Registros eletrofisiológicos para avaliação de regenerações neuronais em fatias de medula espinhal co-cultivadas

Pegue uma matriz de múltiplos eletrodos revestida de polímero ou MEA, com fatias de medula espinhal embrionária co-cultivadas posicionadas em duas zonas separadas, permitindo a gravação simultânea de ambas as fatias.

A fatia mostra conexões neurais regeneradas na área previamente lesionada.

Coloque o MEA em uma câmara de registro contendo uma solução extracelular rica em íons e nutrientes para manter a sobrevivência neuronal.

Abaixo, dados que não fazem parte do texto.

lemma cond_density_law:
  assumes "prob_space P" and [measurable]: "T \<in> borel_measurable P"
    and X: "X \<in> sets P" "measure P X > 0" and cond: "cond_density P T X h"
  shows "real_density h"
    and "distr (uniform_measure P X) lborel T = density_law h"
    and "\<And>B. B \<in> sets borel \<Longrightarrow> cprob P {\<omega> \<in> space P. T \<omega> \<in> B} X = measure (density_law h) B"
proof -
  interpret P: prob_space P by fact
  have X_nonnull: "emeasure P X \<noteq> 0" "emeasure P X \<noteq> \<infinity>"
    using X by (auto simp: P.emeasure_eq_measure)
  interpret Q: prob_space "uniform_measure P X"
    using prob_space_uniform_measure[OF X_nonnull] .
  have nonneg: "\<And>s. 0 \<le> h s" and distr_eq: "distr (uniform_measure P X) lborel T = density_law h"
    and h_measurable: "(\<lambda>s. ennreal (h s)) \<in> borel_measurable lborel"
    and T_measurable: "T \<in> measurable (uniform_measure P X) lborel"
    using cond by (auto simp: cond_density_def distributed_def)
  show "distr (uniform_measure P X) lborel T = density_law h"
    by (fact distr_eq)
  have "(\<lambda>s. enn2real (ennreal (h s))) \<in> borel_measurable borel"
    using h_measurable by (intro borel_measurable_enn2real) simp
  then show "real_density h"
    using nonneg Q.prob_space_distr[OF T_measurable] distr_eq by (simp add: real_density_def)
  fix B :: "real set" assume [measurable]: "B \<in> sets borel"
  have "measure (density_law h) B = measure (uniform_measure P X) (T -` B \<inter> space (uniform_measure P X))"
    using measure_distr[OF T_measurable, of B] distr_eq by simp
  also have "T -` B \<inter> space (uniform_measure P X) = {\<omega> \<in> space P. T \<omega> \<in> B}"
    by auto
  also have "measure (uniform_measure P X) \<dots> = measure P (X \<inter> {\<omega> \<in> space P. T \<omega> \<in> B}) / measure P X"
    using X_nonnull by (intro measure_uniform_measure) measurable
  finally show "cprob P {\<omega> \<in> space P. T \<omega> \<in> B} X = measure (density_law h) B"
    by (simp add: cprob_def Int_commute)
qed

locale eligible_population =
  fixes P :: "'a measure" and T :: "'a \<Rightarrow> real" and A :: "real \<Rightarrow> 'a \<Rightarrow> bool"
    and t :: real and g :: "real \<Rightarrow> real"
  assumes prob_space_P: "prob_space P"
    and T_measurable [measurable]: "T \<in> borel_measurable P"
    and elig_sets [measurable]: "elig P A t \<in> sets P"
    and elig_pos: "measure P (elig P A t) > 0"
    and elig_law: "cond_density P T (elig P A t) g"
begin

interpretation P: prob_space P
  by (rule prob_space_P)

sublocale law: real_density g
  by (rule cond_density_law(1)[OF prob_space_P T_measurable elig_sets elig_pos elig_law])

lemma cprob_elig_law:
  "B \<in> sets borel \<Longrightarrow> cprob P {\<omega> \<in> space P. T \<omega> \<in> B} (elig P A t) = measure (density_law g) B"
  by (rule cond_density_law(3)[OF prob_space_P T_measurable elig_sets elig_pos elig_law])

lemma prevalence_law: "prevalence P T A t = measure (density_law g) {..t}"
  using cprob_elig_law[of "{..t}"] by (simp add: prevalence_def)

lemma law_atLeast: "measure (density_law g) {t..} = 1 - prevalence P T A t"
proof -
  have "{..t} = {..<t} \<union> {t}"
    by auto
  then have "measure (density_law g) {..t} = measure (density_law g) {..<t}"
    using law.law.finite_measure_Union[of "{..<t}" "{t}"] law.measure_law_singleton[of t] by simp
  moreover have "measure (density_law g) {t..} = 1 - measure (density_law g) {..<t}"
    using law.law.prob_compl[of "{..<t}"] by (simp add: Compl_eq_Diff_UNIV[symmetric])
  ultimately show ?thesis
    by (simp add: prevalence_law)
qed

lemma hazard_quot_law:
  assumes "0 < dt"
  shows "hazard_quot P T A t dt = measure (density_law g) {t..<t+dt} / (1 - prevalence P T A t) / dt"
proof -
  let ?E = "elig P A t"
  let ?S = "{\<omega> \<in> space P. T \<omega> \<in> {t..<t+dt}}" and ?U = "{\<omega> \<in> space P. T \<omega> \<in> {t..}}"
  have "cprob P ?S (?U \<inter> ?E) = cprob P ?S ?E / cprob P ?U ?E"
    using elig_pos by (simp add: cprob_def Int_assoc[symmetric] Int_absorb2 subset_eq)
  also have "\<dots> = measure (density_law g) {t..<t+dt} / (1 - prevalence P T A t)"
    using cprob_elig_law[of "{t..<t+dt}"] cprob_elig_law[of "{t..}"] law_atLeast by simp
  finally show ?thesis
    by (simp add: hazard_quot_def Collect_conj_eq[symmetric] conj_commute)
qed

lemma hazard_quot_tendsto:
  assumes cont: "isCont g t" and "prevalence P T A t < 1"
  shows "(hazard_quot P T A t \<longlongrightarrow> g t / (1 - prevalence P T A t)) (at_right 0)"
proof -
  have "((\<lambda>h. measure (density_law g) {t..<t+h} / h) \<longlongrightarrow> g t) (at_right 0)"
    by (rule law.law_quotient_tendsto[OF cont]) auto
  then have "((\<lambda>h. measure (density_law g) {t..<t+h} / h / (1 - prevalence P T A t))
      \<longlongrightarrow> g t / (1 - prevalence P T A t)) (at_right 0)"
    using assms(2) by (intro tendsto_divide tendsto_const) auto
  moreover have "\<forall>\<^sub>F h in at_right 0.
      measure (density_law g) {t..<t+h} / h / (1 - prevalence P T A t) = hazard_quot P T A t h"
    unfolding eventually_at_right_field by (intro exI[of _ 1]) (auto simp: hazard_quot_law)
  ultimately show ?thesis
    by (rule Lim_transform_eventually)
qed

lemma law_restrict_infected:
  assumes cond: "cond_density P T ({\<omega> \<in> space P. T \<omega> \<le> t} \<inter> elig P A t) f"
    and B: "B \<in> sets borel" "B \<subseteq> {..t}"
  shows "measure (density_law g) B = prevalence P T A t * measure (density_law f) B"
proof (cases "prevalence P T A t = 0")
  case True
  then have "measure (density_law g) B \<le> 0"
    using law.law.finite_measure_mono[of B "{..t}"] B by (simp add: prevalence_law)
  with True show ?thesis
    by (simp add: antisym)
next
  case False
  let ?E = "elig P A t" and ?B = "{\<omega> \<in> space P. T \<omega> \<in> B}"
  let ?X = "{\<omega> \<in> space P. T \<omega> \<le> t} \<inter> ?E"
  have infected: "measure P ?X = prevalence P T A t * measure P ?E"
    using elig_pos by (simp add: prevalence_def cprob_def)
  have "prevalence P T A t > 0"
    using False by (simp add: prevalence_law less_le)
  then have "measure P ?X > 0"
    using infected elig_pos by simp
  then have "measure (density_law f) B = measure P (?B \<inter> ?X) / measure P ?X"
    using cond_density_law(3)[OF prob_space_P T_measurable _ _ cond B(1)] by (simp add: cprob_def)
  also have "?B \<inter> ?X = ?B \<inter> ?E"
    using B(2) by auto
  also have "measure P (?B \<inter> ?E) = measure (density_law g) B * measure P ?E"
    using cprob_elig_law[OF B(1)] elig_pos by (simp add: cprob_def divide_eq_eq)
  finally show ?thesis
    using infected False elig_pos by (simp add: field_simps)
qed

lemma P_rec_law:
  assumes "is_recency_fn P T A Mk R t \<phi>"
  shows "P_rec P T A Mk R t = (LINT s:{..t}|density_law g. \<phi> (t - s))"
proof -
  have "cprob P {\<omega> \<in> space P. Mk \<omega> \<in> R \<and> T \<omega> \<in> {..t}} (elig P A t)
      = (LINT s:{..t}|distr (uniform_measure P (elig P A t)) lborel T. \<phi> (t - s))"
    using assms[unfolded is_recency_fn_def, THEN conjunct2, THEN conjunct2, rule_format, of "{..t}"]
    by simp
  then show ?thesis
    using cond_density_law(2)[OF prob_space_P T_measurable elig_sets elig_pos elig_law]
    by (simp add: P_rec_def)
qed

lemma P_rec_split:
  assumes rec: "is_recency_fn P T A Mk R t \<phi>" and "0 < r" and tail: "\<And>u. r \<le> u \<Longrightarrow> \<phi> u = \<beta>"
    and uniform: "\<And>B. B \<in> sets borel \<Longrightarrow> B \<subseteq> {t-r..t} \<Longrightarrow>
        measure (density_law g) B = c * measure lborel B"
  shows "P_rec P T A Mk R t = \<beta> * (prevalence P T A t - c * r) + c * MDRI \<phi> r"
proof -
  have "\<phi> \<in> borel_measurable borel" "\<And>u. 0 \<le> u \<Longrightarrow> \<bar>\<phi> u\<bar> \<le> 1"
    using rec by (auto simp: is_recency_fn_def)
  then show ?thesis
    unfolding P_rec_law[OF rec] MDRI_def prevalence_law
    using law.set_integral_law_lag \<open>0 < r\<close> tail uniform by blast
qed

lemma law_uniform_before:
  assumes cond: "cond_density P T ({\<omega> \<in> space P. T \<omega> \<le> t} \<inter> elig P A t) f"
    and flat: "\<And>u. u \<in> {0..r} \<Longrightarrow> f (t - u) = f t"
    and B: "B \<in> sets borel" "B \<subseteq> {t-r..t}"
  shows "measure (density_law g) B = prevalence P T A t * f t * measure lborel B"
proof -
  have "measure (density_law f) B = f t * measure lborel B"
  proof (rule measure_density_law_const)
    show "(\<lambda>s. ennreal (f s)) \<in> borel_measurable lborel" "0 \<le> f t"
      using cond by (auto simp: cond_density_def distributed_def)
    fix x assume "x \<in> B"
    then show "f x = f t"
      using flat[of "t - x"] B(2) by auto
  qed fact
  moreover have "B \<subseteq> {..t}"
    using B(2) by auto
  ultimately show ?thesis
    using law_restrict_infected[OF cond B(1)] by (simp add: mult.assoc)
qed

end

theorem mainTheorem2:
  fixes P :: "'a measure" and T :: "'a \<Rightarrow> real" and A :: "real \<Rightarrow> 'a \<Rightarrow> bool"
    and Mk :: "'a \<Rightarrow> 'b" and R :: "'b set"
    and \<phi> g f :: "real \<Rightarrow> real" and t Ts \<beta> :: real
  assumes "prob_space P"
    and "T \<in> borel_measurable P"
    and "\<forall>s. elig P A s \<in> sets P"
    and "{\<omega> \<in> space P. Mk \<omega> \<in> R} \<in> sets P"
    and "measure P (elig P A t) > 0"
    and "cond_density P T (elig P A t) g" and "isCont g t"
    and "cond_density P T ({\<omega> \<in> space P. T \<omega> \<le> t} \<inter> elig P A t) f"
    and "is_recency_fn P T A Mk R t \<phi>"
    and "Ts > 0"
    and adj1: "\<forall>u \<ge> Ts. \<phi> u = \<beta>"
    and adj2: "\<forall>u \<in> {0..Ts}. f (t - u) = f t"
    and "MDRI \<phi> Ts - \<beta> * Ts \<noteq> 0"
    and "prevalence P T A t < 1"
    and "continuous_on UNIV (prevalence P T A)"
  shows "(hazard_quot P T A t \<longlongrightarrow> incidence P T A t) (at_right 0)
    \<and> P_rec P T A Mk R t = (MDRI \<phi> Ts - \<beta> * Ts) * incidence P T A t * (1 - prevalence P T A t)
                            + prevalence P T A t * \<beta>
    \<and> incidence P T A t = (P_rec P T A Mk R t - \<beta> * prevalence P T A t)
                          / ((1 - prevalence P T A t) * (MDRI \<phi> Ts - \<beta> * Ts))"
proof -
  interpret eligible_population P T A t g
    using assms(1-3,5,6) by (simp add: eligible_population_def)
  define p where "p = prevalence P T A t"
  define \<Omega> where "\<Omega> = MDRI \<phi> Ts"
  have uniform: "\<And>B. B \<in> sets borel \<Longrightarrow> B \<subseteq> {t-Ts..t} \<Longrightarrow>
      measure (density_law g) B = p * f t * measure lborel B"
    using law_uniform_before[where r = Ts, OF assms(8) adj2[rule_format]] by (simp add: p_def)
  have g_t: "g t = p * f t"
    using uniform \<open>Ts > 0\<close> by (intro law.density_eq_of_uniform_left[OF \<open>isCont g t\<close>]) auto
  have hazard: "(hazard_quot P T A t \<longlongrightarrow> g t / (1 - p)) (at_right 0)"
    using hazard_quot_tendsto \<open>isCont g t\<close> \<open>prevalence P T A t < 1\<close> by (simp add: p_def)
  then have incidence: "incidence P T A t = g t / (1 - p)"
    unfolding incidence_def by (intro tendsto_Lim) auto
  have nonzero: "1 - p \<noteq> 0" "\<Omega> - \<beta> * Ts \<noteq> 0"
    using assms(13,14) by (auto simp: p_def \<Omega>_def)
  then have rate: "g t = incidence P T A t * (1 - p)"
    by (simp add: incidence)
  have "P_rec P T A Mk R t = \<beta> * (p - g t * Ts) + g t * \<Omega>"
    using P_rec_split[OF assms(9) \<open>Ts > 0\<close>] adj1 uniform by (simp add: g_t p_def \<Omega>_def)
  then have P_rec: "P_rec P T A Mk R t = (\<Omega> - \<beta> * Ts) * incidence P T A t * (1 - p) + p * \<beta>"
    unfolding rate by (simp add: algebra_simps)
  then have "P_rec P T A Mk R t - \<beta> * p = incidence P T A t * ((1 - p) * (\<Omega> - \<beta> * Ts))"
    by (simp add: algebra_simps)
  then have "incidence P T A t = (P_rec P T A Mk R t - \<beta> * p) / ((1 - p) * (\<Omega> - \<beta> * Ts))"
    using nonzero by (simp add: eq_divide_eq)
  with hazard P_rec show ?thesis
    by (simp add: incidence p_def \<Omega>_def)
qed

Permitir que o sistema se estabilize, facilitando a adaptação e comunicação dos neurônios.

Os neurônios se comunicam por meio de sinais elétricos chamados potenciais de ação, que são registrados pelos eletrodos próximos no MEA.

Sinais individuais de cada eletrodo são combinados, produzindo um sinal elétrico de cada fatia.

Substitua regularmente a solução extracelular para manter a estabilidade dos neurônios.

Adicione uma solução extracelular com inibidores que bloqueiam os receptores de neurotransmissores inibitórios nas membranas neuronais, mantendo os neurônios ativos por mais tempo.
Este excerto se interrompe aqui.